Data listing: Begin

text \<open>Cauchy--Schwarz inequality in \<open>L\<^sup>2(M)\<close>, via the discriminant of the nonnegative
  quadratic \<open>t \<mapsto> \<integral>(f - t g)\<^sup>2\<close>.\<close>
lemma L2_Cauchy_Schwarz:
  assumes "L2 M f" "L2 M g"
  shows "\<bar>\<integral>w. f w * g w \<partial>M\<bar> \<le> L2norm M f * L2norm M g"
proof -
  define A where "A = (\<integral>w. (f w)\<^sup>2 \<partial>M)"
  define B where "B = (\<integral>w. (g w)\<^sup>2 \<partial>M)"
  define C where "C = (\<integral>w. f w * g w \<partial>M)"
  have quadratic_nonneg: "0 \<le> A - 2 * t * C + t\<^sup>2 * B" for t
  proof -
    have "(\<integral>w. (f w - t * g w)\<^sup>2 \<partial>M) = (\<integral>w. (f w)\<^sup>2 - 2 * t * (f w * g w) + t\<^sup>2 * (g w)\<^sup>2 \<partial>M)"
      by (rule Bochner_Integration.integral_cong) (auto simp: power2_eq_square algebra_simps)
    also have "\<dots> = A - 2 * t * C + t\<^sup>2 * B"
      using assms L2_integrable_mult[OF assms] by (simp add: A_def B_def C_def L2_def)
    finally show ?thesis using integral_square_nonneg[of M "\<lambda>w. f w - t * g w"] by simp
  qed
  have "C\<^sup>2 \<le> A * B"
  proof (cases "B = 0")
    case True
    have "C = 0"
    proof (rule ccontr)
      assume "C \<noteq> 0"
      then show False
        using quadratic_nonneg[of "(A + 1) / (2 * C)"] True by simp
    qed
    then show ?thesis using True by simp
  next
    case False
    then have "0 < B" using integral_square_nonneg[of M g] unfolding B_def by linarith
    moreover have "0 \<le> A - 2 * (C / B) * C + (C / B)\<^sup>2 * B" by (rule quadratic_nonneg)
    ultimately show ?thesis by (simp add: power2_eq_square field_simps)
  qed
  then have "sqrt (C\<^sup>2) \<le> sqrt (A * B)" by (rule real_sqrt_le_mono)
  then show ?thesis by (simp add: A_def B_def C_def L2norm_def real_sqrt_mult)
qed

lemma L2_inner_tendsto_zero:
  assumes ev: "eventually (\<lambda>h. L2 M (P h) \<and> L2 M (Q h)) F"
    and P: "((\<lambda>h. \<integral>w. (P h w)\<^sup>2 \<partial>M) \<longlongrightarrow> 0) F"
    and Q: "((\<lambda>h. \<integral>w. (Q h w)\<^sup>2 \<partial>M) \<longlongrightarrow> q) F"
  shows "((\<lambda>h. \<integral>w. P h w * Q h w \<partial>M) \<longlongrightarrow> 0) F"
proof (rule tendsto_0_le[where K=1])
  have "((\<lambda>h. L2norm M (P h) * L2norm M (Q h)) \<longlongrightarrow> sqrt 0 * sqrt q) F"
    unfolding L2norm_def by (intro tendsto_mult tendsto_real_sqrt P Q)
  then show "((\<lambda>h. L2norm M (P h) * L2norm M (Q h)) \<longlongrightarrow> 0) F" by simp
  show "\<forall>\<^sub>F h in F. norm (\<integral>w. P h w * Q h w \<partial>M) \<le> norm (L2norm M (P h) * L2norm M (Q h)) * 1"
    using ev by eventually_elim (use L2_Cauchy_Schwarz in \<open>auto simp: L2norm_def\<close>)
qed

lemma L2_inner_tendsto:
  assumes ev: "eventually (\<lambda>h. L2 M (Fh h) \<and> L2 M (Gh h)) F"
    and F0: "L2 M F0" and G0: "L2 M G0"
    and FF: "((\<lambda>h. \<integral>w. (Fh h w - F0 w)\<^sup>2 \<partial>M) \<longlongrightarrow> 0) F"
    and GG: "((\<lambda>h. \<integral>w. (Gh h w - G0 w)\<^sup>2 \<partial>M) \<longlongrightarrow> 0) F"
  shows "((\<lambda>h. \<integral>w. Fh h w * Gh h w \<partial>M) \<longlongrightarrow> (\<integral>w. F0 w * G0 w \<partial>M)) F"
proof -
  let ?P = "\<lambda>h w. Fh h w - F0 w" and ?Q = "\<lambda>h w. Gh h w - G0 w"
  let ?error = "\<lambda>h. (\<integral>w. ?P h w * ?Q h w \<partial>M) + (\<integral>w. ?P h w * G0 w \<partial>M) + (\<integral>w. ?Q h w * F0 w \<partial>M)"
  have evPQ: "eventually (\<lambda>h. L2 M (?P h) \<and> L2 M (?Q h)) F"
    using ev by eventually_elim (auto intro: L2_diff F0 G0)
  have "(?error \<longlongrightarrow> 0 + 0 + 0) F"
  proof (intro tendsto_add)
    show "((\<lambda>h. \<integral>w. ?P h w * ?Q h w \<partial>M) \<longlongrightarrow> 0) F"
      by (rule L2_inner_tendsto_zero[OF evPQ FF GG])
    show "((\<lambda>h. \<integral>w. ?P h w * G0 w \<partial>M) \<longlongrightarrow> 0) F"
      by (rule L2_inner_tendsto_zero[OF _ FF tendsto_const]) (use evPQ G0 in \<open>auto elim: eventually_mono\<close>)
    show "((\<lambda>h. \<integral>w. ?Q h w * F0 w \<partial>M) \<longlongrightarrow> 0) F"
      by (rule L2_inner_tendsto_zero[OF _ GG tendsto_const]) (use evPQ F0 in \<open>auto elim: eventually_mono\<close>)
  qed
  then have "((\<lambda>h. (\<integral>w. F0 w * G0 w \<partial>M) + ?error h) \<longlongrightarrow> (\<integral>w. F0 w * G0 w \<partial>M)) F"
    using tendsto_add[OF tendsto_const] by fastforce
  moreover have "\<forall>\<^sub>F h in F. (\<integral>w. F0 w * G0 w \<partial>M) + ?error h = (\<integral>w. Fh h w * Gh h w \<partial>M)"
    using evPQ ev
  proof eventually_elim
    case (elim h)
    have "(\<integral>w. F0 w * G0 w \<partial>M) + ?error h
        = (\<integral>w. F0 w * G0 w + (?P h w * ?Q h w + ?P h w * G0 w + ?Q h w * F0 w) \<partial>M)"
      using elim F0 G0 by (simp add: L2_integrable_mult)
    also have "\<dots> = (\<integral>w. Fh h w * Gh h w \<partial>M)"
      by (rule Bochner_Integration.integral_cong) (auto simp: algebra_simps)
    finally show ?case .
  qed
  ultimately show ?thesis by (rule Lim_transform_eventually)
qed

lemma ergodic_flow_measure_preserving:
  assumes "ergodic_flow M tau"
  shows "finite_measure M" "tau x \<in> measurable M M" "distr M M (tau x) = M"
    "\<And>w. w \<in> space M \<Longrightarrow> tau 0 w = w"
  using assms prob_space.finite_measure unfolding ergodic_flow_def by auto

Data listing: End

Assignment: Output all the lines above. Keep each one exact.

Output for this exercise:
text \<open>Cauchy--Schwarz inequality in \<open>L\<^sup>2(M)\<close>, via the discriminant of the nonnegative
  quadratic \<open>t \<mapsto> \<integral>(f - t g)\<^sup>2\<close>.\<close>
lemma L2_Cauchy_Schwarz:
  assumes "L2 M f" "L2 M g"
  shows "\<bar>\<integral>w. f w * g w \<partial>M\<bar> \<le> L2norm M f * L2norm M g"
proof -
  define A where "A = (\<integral>w. (f w)\<^sup>2 \<partial>M)"
  define B where "B = (\<integral>w. (g w)\<^sup>2 \<partial>M)"
  define C where "C = (\<integral>w. f w * g w \<partial>M)"
  have quadratic_nonneg: "0 \<le> A - 2 * t * C + t\<^sup>2 * B" for t
  proof -
    have "(\<integral>w. (f w - t * g w)\<^sup>2 \<partial>M) = (\<integral>w. (f w)\<^sup>2 - 2 * t * (f w * g w) + t\<^sup>2 * (g w)\<^sup>2 \<partial>M)"
      by (rule Bochner_Integration.integral_cong) (auto simp: power2_eq_square algebra_simps)
    also have "\<dots> = A - 2 * t * C + t\<^sup>2 * B"
      using assms L2_integrable_mult[OF assms] by (simp add: A_def B_def C_def L2_def)
    finally show ?thesis using integral_square_nonneg[of M "\<lambda>w. f w - t * g w"] by simp
  qed
  have "C\<^sup>2 \<le> A * B"
  proof (cases "B = 0")
    case True
    have "C = 0"
    proof (rule ccontr)
      assume "C \<noteq> 0"
      then show False
        using quadratic_nonneg[of "(A + 1) / (2 * C)"] True by simp
    qed
    then show ?thesis using True by simp
  next
    case False
    then have "0 < B" using integral_square_nonneg[of M g] unfolding B_def by linarith
    moreover have "0 \<le> A - 2 * (C / B) * C + (C / B)\<^sup>2 * B" by (rule quadratic_nonneg)
    ultimately show ?thesis by (simp add: power2_eq_square field_simps)
  qed
  then have "sqrt (C\<^sup>2) \<le> sqrt (A * B)" by (rule real_sqrt_le_mono)
  then show ?thesis by (simp add: A_def B_def C_def L2norm_def real_sqrt_mult)
qed

lemma L2_inner_tendsto_zero:
  assumes ev: "eventually (\<lambda>h. L2 M (P h) \<and> L2 M (Q h)) F"
    and P: "((\<lambda>h. \<integral>w. (P h w)\<^sup>2 \<partial>M) \<longlongrightarrow> 0) F"
    and Q: "((\<lambda>h. \<integral>w. (Q h w)\<^sup>2 \<partial>M) \<longlongrightarrow> q) F"
  shows "((\<lambda>h. \<integral>w. P h w * Q h w \<partial>M) \<longlongrightarrow> 0) F"
proof (rule tendsto_0_le[where K=1])
  have "((\<lambda>h. L2norm M (P h) * L2norm M (Q h)) \<longlongrightarrow> sqrt 0 * sqrt q) F"
    unfolding L2norm_def by (intro tendsto_mult tendsto_real_sqrt P Q)
  then show "((\<lambda>h. L2norm M (P h) * L2norm M (Q h)) \<longlongrightarrow> 0) F" by simp
  show "\<forall>\<^sub>F h in F. norm (\<integral>w. P h w * Q h w \<partial>M) \<le> norm (L2norm M (P h) * L2norm M (Q h)) * 1"
    using ev by eventually_elim (use L2_Cauchy_Schwarz in \<open>auto simp: L2norm_def\<close>)
qed

lemma L2_inner_tendsto:
  assumes ev: "eventually (\<lambda>h. L2 M (Fh h) \<and> L2 M (Gh h)) F"
    and F0: "L2 M F0" and G0: "L2 M G0"
    and FF: "((\<lambda>h. \<integral>w. (Fh h w - F0 w)\<^sup>2 \<partial>M) \<longlongrightarrow> 0) F"
    and GG: "((\<lambda>h. \<integral>w. (Gh h w - G0 w)\<^sup>2 \<partial>M) \<longlongrightarrow> 0) F"
  shows "((\<lambda>h. \<integral>w. Fh h w * Gh h w \<partial>M) \<longlongrightarrow> (\<integral>w. F0 w * G0 w \<partial>M)) F"
proof -
  let ?P = "\<lambda>h w. Fh h w - F0 w" and ?Q = "\<lambda>h w. Gh h w - G0 w"
  let ?error = "\<lambda>h. (\<integral>w. ?P h w * ?Q h w \<partial>M) + (\<integral>w. ?P h w * G0 w \<partial>M) + (\<integral>w. ?Q h w * F0 w \<partial>M)"
  have evPQ: "eventually (\<lambda>h. L2 M (?P h) \<and> L2 M (?Q h)) F"
    using ev by eventually_elim (auto intro: L2_diff F0 G0)
  have "(?error \<longlongrightarrow> 0 + 0 + 0) F"
  proof (intro tendsto_add)
    show "((\<lambda>h. \<integral>w. ?P h w * ?Q h w \<partial>M) \<longlongrightarrow> 0) F"
      by (rule L2_inner_tendsto_zero[OF evPQ FF GG])
    show "((\<lambda>h. \<integral>w. ?P h w * G0 w \<partial>M) \<longlongrightarrow> 0) F"
      by (rule L2_inner_tendsto_zero[OF _ FF tendsto_const]) (use evPQ G0 in \<open>auto elim: eventually_mono\<close>)
    show "((\<lambda>h. \<integral>w. ?Q h w * F0 w \<partial>M) \<longlongrightarrow> 0) F"
      by (rule L2_inner_tendsto_zero[OF _ GG tendsto_const]) (use evPQ F0 in \<open>auto elim: eventually_mono\<close>)
  qed
  then have "((\<lambda>h. (\<integral>w. F0 w * G0 w \<partial>M) + ?error h) \<longlongrightarrow> (\<integral>w. F0 w * G0 w \<partial>M)) F"
    using tendsto_add[OF tendsto_const] by fastforce
  moreover have "\<forall>\<^sub>F h in F. (\<integral>w. F0 w * G0 w \<partial>M) + ?error h = (\<integral>w. Fh h w * Gh h w \<partial>M)"
    using evPQ ev
  proof eventually_elim
    case (elim h)
    have "(\<integral>w. F0 w * G0 w \<partial>M) + ?error h
        = (\<integral>w. F0 w * G0 w + (?P h w * ?Q h w + ?P h w * G0 w + ?Q h w * F0 w) \<partial>M)"
      using elim F0 G0 by (simp add: L2_integrable_mult)
    also have "\<dots> = (\<integral>w. Fh h w * Gh h w \<partial>M)"
      by (rule Bochner_Integration.integral_cong) (auto simp: algebra_simps)
    finally show ?case .
  qed
  ultimately show ?thesis by (rule Lim_transform_eventually)
qed

lemma ergodic_flow_measure_preserving:
  assumes "ergodic_flow M tau"
  shows "finite_measure M" "tau x \<in> measurable M M" "distr M M (tau x) = M"
    "\<And>w. w \<in> space M \<Longrightarrow> tau 0 w = w"
  using assms prob_space.finite_measure unfolding ergodic_flow_def by auto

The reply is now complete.